What you have to do
Copy each line of the data below with the word "definition".

------ Data to examine ------

text \<open>Points of F_q^m are vectors of type 'a ^ 'n with 'a a finite field of
prime order q and CARD('n) = m.  A word of length q^m is a function from points
to 'a (coordinates indexed by the points).\<close>

definition exps :: "nat \<Rightarrow> ('n::finite \<Rightarrow> nat) set" where
  "exps u = {e. (\<Sum>i\<in>UNIV. e i) \<le> u}"

definition poly_eval :: "nat \<Rightarrow> (('n::finite \<Rightarrow> nat) \<Rightarrow> 'a::field) \<Rightarrow> 'a ^ 'n \<Rightarrow> 'a" where
  "poly_eval u c \<alpha> = (\<Sum>e\<in>exps u. c e * (\<Prod>i\<in>UNIV. (\<alpha> $ i) ^ (e i)))"

definition RM :: "nat \<Rightarrow> ('a::{finite,field} ^ 'n::finite \<Rightarrow> 'a) set" where
  "RM u = {poly_eval u c | c. True}"

definition RM_dual :: "nat \<Rightarrow> ('a::{finite,field} ^ 'n::finite \<Rightarrow> 'a) set" where
  "RM_dual u = {y. \<forall>x\<in>RM u. (\<Sum>\<alpha>\<in>UNIV. x \<alpha> * y \<alpha>) = 0}"

definition supp :: "('b \<Rightarrow> 'a::zero) \<Rightarrow> 'b set" where
  "supp c = {\<alpha>. c \<alpha> \<noteq> 0}"

definition hweight :: "('b \<Rightarrow> 'a::zero) \<Rightarrow> nat" where
  "hweight c = card (supp c)"

end

theory Submission
  imports Defs
begin

text \<open>Write \<open>S\<close> for the support of a nonzero dual codeword \<open>y\<close>. If \<open>f\<close> is a polynomial of
degree at most \<open>u\<close> vanishing on \<open>S - {p}\<close>, then \<open>0 = \<Sum>f \<cdot> y = f p \<cdot> y p\<close>, so \<open>f p = 0\<close>.
A product of \<open>|S| - 1\<close> affine functions, one per point of \<open>S - {p}\<close>, vanishes there but not at
\<open>p\<close>; hence \<open>|S| \<ge> u + 2\<close>. Weight \<open>u + 2\<close> is attained on the diagonal \<open>{(t,\<dots>,t)}\<close>: as
\<open>q^(u+2) > q^(u+1)\<close>, some nonzero weights on \<open>u + 2\<close> field elements annihilate all moments
of order at most \<open>u\<close>. Finally, if a minimum weight codeword had three non-collinear support
points \<open>p, q, s\<close>, an affine function vanishing at \<open>p, q\<close> but not at \<open>s\<close>, times \<open>u - 1\<close>
affine functions killing the remaining \<open>u - 1\<close> points, would contradict the first
observation.\<close>

definition monomial :: "('n::finite \<Rightarrow> nat) \<Rightarrow> 'a::field ^ 'n \<Rightarrow> 'a" where
  "monomial e \<alpha> = (\<Prod>i\<in>UNIV. (\<alpha> $ i) ^ (e i))"

lemma poly_eval_monomial: "poly_eval u c \<alpha> = (\<Sum>e\<in>exps u. c e * monomial e \<alpha>)"
  by (simp add: poly_eval_def monomial_def)

lemma finite_exps: "finite (exps d :: ('n::finite \<Rightarrow> nat) set)"
proof (rule finite_subset)
  show "exps d \<subseteq> Pi\<^sub>E UNIV (\<lambda>_::'n. {..d})"
  proof
    fix e :: "'n \<Rightarrow> nat"
    assume "e \<in> exps d"
    hence "e i \<le> d" for i
      using member_le_sum[of i UNIV e] by (simp add: exps_def)
    thus "e \<in> Pi\<^sub>E UNIV (\<lambda>_. {..d})" by (simp add: PiE_UNIV_domain)
  qed
qed (auto intro: finite_PiE)

lemma exps_mono: "d \<le> d' \<Longrightarrow> exps d \<subseteq> exps d'"
  unfolding exps_def by auto

lemma RM_sum_monomials:
  fixes g :: "'j \<Rightarrow> ('n::finite \<Rightarrow> nat)" and a :: "'j \<Rightarrow> 'a::{finite,field}"
  assumes "finite J" "\<And>j. j \<in> J \<Longrightarrow> g j \<in> exps d"
  shows "(\<lambda>\<alpha>::'a^'n. \<Sum>j\<in>J. a j * monomial (g j) \<alpha>) \<in> RM d"
proof -
  let ?c = "\<lambda>e. \<Sum>j\<in>{j. j \<in> J \<and> g j = e}. a j"
  have "poly_eval d ?c \<alpha> = (\<Sum>j\<in>J. a j * monomial (g j) \<alpha>)" for \<alpha> :: "'a^'n"
  proof -
    have "poly_eval d ?c \<alpha>
        = (\<Sum>e\<in>exps d. \<Sum>j\<in>{j. j \<in> J \<and> g j = e}. a j * monomial (g j) \<alpha>)"
      unfolding poly_eval_monomial sum_distrib_right by (intro sum.cong refl) auto
    also have "\<dots> = (\<Sum>j\<in>J. a j * monomial (g j) \<alpha>)"
      by (rule sum.group) (use assms finite_exps in auto)
    finally show ?thesis .
  qed
  thus ?thesis unfolding RM_def by (auto intro!: exI[of _ ?c])
qed

lemma RM_E:
  assumes "f \<in> RM d"
  obtains c where "f = poly_eval d c"
  using assms unfolding RM_def by auto

lemma RM_mono:
  assumes "f \<in> (RM d :: ('a::{finite,field}^'n::finite \<Rightarrow> 'a) set)" "d \<le> d'"
  shows "f \<in> RM d'"
proof -
  obtain c where f: "f = poly_eval d c" using assms(1) by (rule RM_E)
  have "(\<lambda>\<alpha>::'a^'n. \<Sum>e\<in>exps d. c e * monomial (id e) \<alpha>) \<in> RM d'"
    by (rule RM_sum_monomials) (use finite_exps exps_mono[OF assms(2)] in auto)
  thus ?thesis using f by (simp add: poly_eval_monomial[abs_def])
qed

lemma RM_add:
  assumes "f \<in> (RM d :: ('a::{finite,field}^'n::finite \<Rightarrow> 'a) set)" "g \<in> RM d"
  shows "(\<lambda>\<alpha>. f \<alpha> + g \<alpha>) \<in> RM d"
proof -
  obtain c where f: "f = poly_eval d c" using assms(1) by (rule RM_E)
  obtain c' where g: "g = poly_eval d c'" using assms(2) by (rule RM_E)
  have "(\<lambda>\<alpha>. f \<alpha> + g \<alpha>) = poly_eval d (\<lambda>e. c e + c' e)"
    unfolding f g poly_eval_monomial by (auto simp: sum.distrib algebra_simps)
  thus ?thesis unfolding RM_def by auto
qed

lemma RM_cmult:
  assumes "f \<in> (RM d :: ('a::{finite,field}^'n::finite \<Rightarrow> 'a) set)"
  shows "(\<lambda>\<alpha>. k * f \<alpha>) \<in> RM d"
proof -
  obtain c where f: "f = poly_eval d c" using assms by (rule RM_E)
  have "(\<lambda>\<alpha>. k * f \<alpha>) = poly_eval d (\<lambda>e. k * c e)"
    unfolding f poly_eval_monomial by (auto simp: sum_distrib_left algebra_simps)
  thus ?thesis unfolding RM_def by auto
qed

lemma RM_const: "(\<lambda>\<alpha>::'a::{finite,field}^'n::finite. k) \<in> RM d"
proof -
  have "(\<lambda>\<alpha>::'a^'n. \<Sum>j\<in>{()}. k * monomial ((\<lambda>_. 0)::'n \<Rightarrow> nat) \<alpha>) \<in> RM d"
    by (rule RM_sum_monomials) (auto simp: exps_def)
  thus ?thesis by (simp add: monomial_def)
qed

lemma RM_coordinate: "(\<lambda>\<alpha>::'a::{finite,field}^'n::finite. \<alpha> $ i) \<in> RM 1"
proof -
  let ?e = "\<lambda>j::'n. if j = i then 1 else (0::nat)"
  have "monomial ?e \<alpha> = \<alpha> $ i" for \<alpha> :: "'a^'n"
  proof -
    have "monomial ?e \<alpha> = (\<Prod>j\<in>UNIV. if j = i then \<alpha> $ i else 1)"
      unfolding monomial_def by (intro prod.cong) auto
    thus ?thesis by simp
  qed
  moreover have "(\<lambda>\<alpha>::'a^'n. \<Sum>j\<in>{()}. 1 * monomial ?e \<alpha>) \<in> RM 1"
    by (rule RM_sum_monomials) (auto simp: exps_def)
  ultimately show ?thesis by simp
qed

lemma RM_coordinate_minus_const: "(\<lambda>\<alpha>::'a::{finite,field}^'n::finite. \<alpha> $ i - b) \<in> RM 1"
  using RM_add[OF RM_coordinate RM_const, of i "- b"] by simp

lemma RM_mult:
  assumes "f \<in> (RM d1 :: ('a::{finite,field}^'n::finite \<Rightarrow> 'a) set)" "g \<in> RM d2"
  shows "(\<lambda>\<alpha>. f \<alpha> * g \<alpha>) \<in> RM (d1 + d2)"
proof -
  obtain c where f: "f = poly_eval d1 c" using assms(1) by (rule RM_E)
  obtain c' where g: "g = poly_eval d2 c'" using assms(2) by (rule RM_E)
  let ?h = "\<lambda>\<alpha>::'a^'n. \<Sum>p\<in>exps d1 \<times> exps d2.
              (c (fst p) * c' (snd p)) * monomial (\<lambda>i. fst p i + snd p i) \<alpha>"
  have "?h \<in> RM (d1 + d2)"
    by (rule RM_sum_monomials)
      (use finite_exps[of d1] finite_exps[of d2] in \<open>auto simp: exps_def sum.distrib intro: add_mono\<close>)
  moreover have "f \<alpha> * g \<alpha> = ?h \<alpha>" for \<alpha>
    unfolding f g poly_eval_monomial sum_product sum.cartesian_product
    by (intro sum.cong refl) (simp add: monomial_def power_add prod.distrib mult_ac split: prod.splits)
  ultimately show ?thesis by simp
qed

lemma RM_prod:
  assumes "finite A" "\<And>s. s \<in> A \<Longrightarrow> f s \<in> (RM 1 :: ('a::{finite,field}^'n::finite \<Rightarrow> 'a) set)"
  shows "(\<lambda>\<alpha>. \<Prod>s\<in>A. f s \<alpha>) \<in> RM (card A)"
  using assms
proof (induction A rule: finite_induct)
  case empty
  thus ?case using RM_const[of 1] by simp
next
  case (insert x F)
  have "(\<lambda>\<alpha>. f x \<alpha> * (\<Prod>s\<in>F. f s \<alpha>)) \<in> RM (1 + card F)"
    by (rule RM_mult) (use insert in auto)
  thus ?case using insert by simp
qed

lemma RM_vanishing_on_avoiding:
  fixes p :: "'a::{finite,field}^'n::finite"
  assumes "p \<notin> A"
  obtains f where "f \<in> RM (card A)" "\<And>s. s \<in> A \<Longrightarrow> f s = 0" "f p \<noteq> 0"
proof
  define I where "I s = (SOME i. s $ i \<noteq> p $ i)" for s
  have I: "s $ I s \<noteq> p $ I s" if "s \<in> A" for s
    unfolding I_def by (rule someI_ex) (metis assms that vec_eq_iff)
  let ?f = "\<lambda>\<alpha>. \<Prod>s\<in>A. \<alpha> $ I s - s $ I s"
  show "?f \<in> RM (card A)" by (intro RM_prod RM_coordinate_minus_const) auto
  show "?f s = 0" if "s \<in> A" for s using that by (intro prod_zero) auto
  show "?f p \<noteq> 0" using I by (auto dest: sym)
qed

lemma affine_vanishing_off_line:
  fixes p q s :: "'a::{finite,field}^'n::finite"
  assumes "p \<noteq> q" "\<nexists>r. s = p + r *s (q - p)"
  obtains l where "l \<in> RM 1" "l p = 0" "l q = 0" "l s \<noteq> 0"
proof -
  define v where "v = q - p"
  define w where "w = s - p"
  have "v \<noteq> 0" using assms(1) by (simp add: v_def)
  then obtain i where vi: "v $ i \<noteq> 0" by (auto simp: vec_eq_iff)
  have "w - (w $ i / v $ i) *s v \<noteq> 0"
    using assms(2) by (auto simp: v_def w_def algebra_simps)
  then obtain j where wj: "w $ j - (w $ i / v $ i) * v $ j \<noteq> 0" by (auto simp: vec_eq_iff)
  let ?l = "\<lambda>\<alpha>::'a^'n. (\<alpha> $ j - p $ j) + (- (v $ j / v $ i)) * (\<alpha> $ i - p $ i)"
  show thesis
  proof (rule that[of ?l])
    show "?l \<in> RM 1" by (intro RM_add RM_cmult RM_coordinate_minus_const)
    show "?l q = 0" using vi by (simp add: v_def field_simps)
    show "?l s \<noteq> 0" using wj vi by (simp add: w_def field_simps)
  qed simp
qed

lemma RM_dual_vanishes_at_support_point:
  fixes y :: "'a::{finite,field}^'n::finite \<Rightarrow> 'a"
  assumes "y \<in> RM_dual u" "f \<in> RM u" "p \<in> supp y"
    and "\<And>s. s \<in> supp y - {p} \<Longrightarrow> f s = 0"
  shows "f p = 0"
proof -
  have "0 = (\<Sum>\<alpha>\<in>UNIV. f \<alpha> * y \<alpha>)" using assms(1,2) unfolding RM_dual_def by auto
  also have "\<dots> = (\<Sum>\<alpha>\<in>UNIV. if \<alpha> = p then f p * y p else 0)"
    by (intro sum.cong refl) (use assms(4) in \<open>auto simp: supp_def\<close>)
  finally show ?thesis using assms(3) by (simp add: supp_def)
qed

lemma RM_dual_weight_ge:
  fixes y :: "'a::{finite,field}^'n::finite \<Rightarrow> 'a"
  assumes "y \<in> RM_dual u" "y \<noteq> (\<lambda>_. 0)"
  shows "u + 2 \<le> hweight y"
proof -
  obtain p where p: "p \<in> supp y" using assms(2) by (auto simp: supp_def)
  obtain f where f: "f \<in> RM (card (supp y - {p}))" "\<And>s. s \<in> supp y - {p} \<Longrightarrow> f s = 0"
    "f p \<noteq> 0"
    by (rule RM_vanishing_on_avoiding[of p "supp y - {p}"]) auto
  have "\<not> card (supp y - {p}) \<le> u"
    using RM_dual_vanishes_at_support_point[OF assms(1) RM_mono[OF f(1)] p f(2)] f(3) by blast
  thus ?thesis using p unfolding hweight_def by simp
qed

------

Solution to the exercise
definition exps :: "nat \<Rightarrow> ('n::finite \<Rightarrow> nat) set" where
definition poly_eval :: "nat \<Rightarrow> (('n::finite \<Rightarrow> nat) \<Rightarrow> 'a::field) \<Rightarrow> 'a ^ 'n \<Rightarrow> 'a" where
definition RM :: "nat \<Rightarrow> ('a::{finite,field} ^ 'n::finite \<Rightarrow> 'a) set" where
definition RM_dual :: "nat \<Rightarrow> ('a::{finite,field} ^ 'n::finite \<Rightarrow> 'a) set" where
definition supp :: "('b \<Rightarrow> 'a::zero) \<Rightarrow> 'b set" where
definition hweight :: "('b \<Rightarrow> 'a::zero) \<Rightarrow> nat" where
definition monomial :: "('n::finite \<Rightarrow> nat) \<Rightarrow> 'a::field ^ 'n \<Rightarrow> 'a" where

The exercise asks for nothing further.